Task item
The records that follow are to be given again exactly.

Exercise data
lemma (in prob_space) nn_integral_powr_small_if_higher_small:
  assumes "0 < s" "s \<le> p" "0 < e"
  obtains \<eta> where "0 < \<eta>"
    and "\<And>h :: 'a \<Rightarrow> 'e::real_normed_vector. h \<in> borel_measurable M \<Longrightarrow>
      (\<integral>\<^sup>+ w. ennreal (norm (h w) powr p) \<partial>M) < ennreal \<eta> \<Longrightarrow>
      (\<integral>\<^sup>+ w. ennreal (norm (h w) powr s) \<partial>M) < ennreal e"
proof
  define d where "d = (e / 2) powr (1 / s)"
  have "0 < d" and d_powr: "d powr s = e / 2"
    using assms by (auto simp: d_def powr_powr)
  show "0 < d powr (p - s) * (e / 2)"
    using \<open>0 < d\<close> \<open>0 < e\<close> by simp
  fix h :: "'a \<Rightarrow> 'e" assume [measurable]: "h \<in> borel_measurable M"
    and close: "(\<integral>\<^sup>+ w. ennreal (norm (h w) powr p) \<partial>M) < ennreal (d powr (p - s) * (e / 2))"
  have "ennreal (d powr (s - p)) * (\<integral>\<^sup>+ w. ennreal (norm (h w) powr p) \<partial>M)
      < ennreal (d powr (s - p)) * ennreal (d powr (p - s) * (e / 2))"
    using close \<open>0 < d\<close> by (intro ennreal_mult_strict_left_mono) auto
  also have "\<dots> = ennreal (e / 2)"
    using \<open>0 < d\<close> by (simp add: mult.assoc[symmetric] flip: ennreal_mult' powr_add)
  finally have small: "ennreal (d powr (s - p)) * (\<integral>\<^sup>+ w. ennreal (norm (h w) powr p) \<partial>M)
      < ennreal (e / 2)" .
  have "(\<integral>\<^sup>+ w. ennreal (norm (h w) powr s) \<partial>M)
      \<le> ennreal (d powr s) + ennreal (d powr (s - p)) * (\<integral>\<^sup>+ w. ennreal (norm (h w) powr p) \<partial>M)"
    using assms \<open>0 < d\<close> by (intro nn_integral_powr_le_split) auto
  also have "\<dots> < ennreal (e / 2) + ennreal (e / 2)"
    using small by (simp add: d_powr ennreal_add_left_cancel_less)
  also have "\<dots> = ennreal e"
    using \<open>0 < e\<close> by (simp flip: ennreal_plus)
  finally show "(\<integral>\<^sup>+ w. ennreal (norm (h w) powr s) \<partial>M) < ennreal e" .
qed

Result of this task
lemma (in prob_space) nn_integral_powr_small_if_higher_small:
  assumes "0 < s" "s \<le> p" "0 < e"
  obtains \<eta> where "0 < \<eta>"
    and "\<And>h :: 'a \<Rightarrow> 'e::real_normed_vector. h \<in> borel_measurable M \<Longrightarrow>
      (\<integral>\<^sup>+ w. ennreal (norm (h w) powr p) \<partial>M) < ennreal \<eta> \<Longrightarrow>
      (\<integral>\<^sup>+ w. ennreal (norm (h w) powr s) \<partial>M) < ennreal e"
proof
  define d where "d = (e / 2) powr (1 / s)"
  have "0 < d" and d_powr: "d powr s = e / 2"
    using assms by (auto simp: d_def powr_powr)
  show "0 < d powr (p - s) * (e / 2)"
    using \<open>0 < d\<close> \<open>0 < e\<close> by simp
  fix h :: "'a \<Rightarrow> 'e" assume [measurable]: "h \<in> borel_measurable M"
    and close: "(\<integral>\<^sup>+ w. ennreal (norm (h w) powr p) \<partial>M) < ennreal (d powr (p - s) * (e / 2))"
  have "ennreal (d powr (s - p)) * (\<integral>\<^sup>+ w. ennreal (norm (h w) powr p) \<partial>M)
      < ennreal (d powr (s - p)) * ennreal (d powr (p - s) * (e / 2))"
    using close \<open>0 < d\<close> by (intro ennreal_mult_strict_left_mono) auto
  also have "\<dots> = ennreal (e / 2)"
    using \<open>0 < d\<close> by (simp add: mult.assoc[symmetric] flip: ennreal_mult' powr_add)
  finally have small: "ennreal (d powr (s - p)) * (\<integral>\<^sup>+ w. ennreal (norm (h w) powr p) \<partial>M)
      < ennreal (e / 2)" .
  have "(\<integral>\<^sup>+ w. ennreal (norm (h w) powr s) \<partial>M)
      \<le> ennreal (d powr s) + ennreal (d powr (s - p)) * (\<integral>\<^sup>+ w. ennreal (norm (h w) powr p) \<partial>M)"
    using assms \<open>0 < d\<close> by (intro nn_integral_powr_le_split) auto
  also have "\<dots> < ennreal (e / 2) + ennreal (e / 2)"
    using small by (simp add: d_powr ennreal_add_left_cancel_less)
  also have "\<dots> = ennreal e"
    using \<open>0 < e\<close> by (simp flip: ennreal_plus)
  finally show "(\<integral>\<^sup>+ w. ennreal (norm (h w) powr s) \<partial>M) < ennreal e" .
qed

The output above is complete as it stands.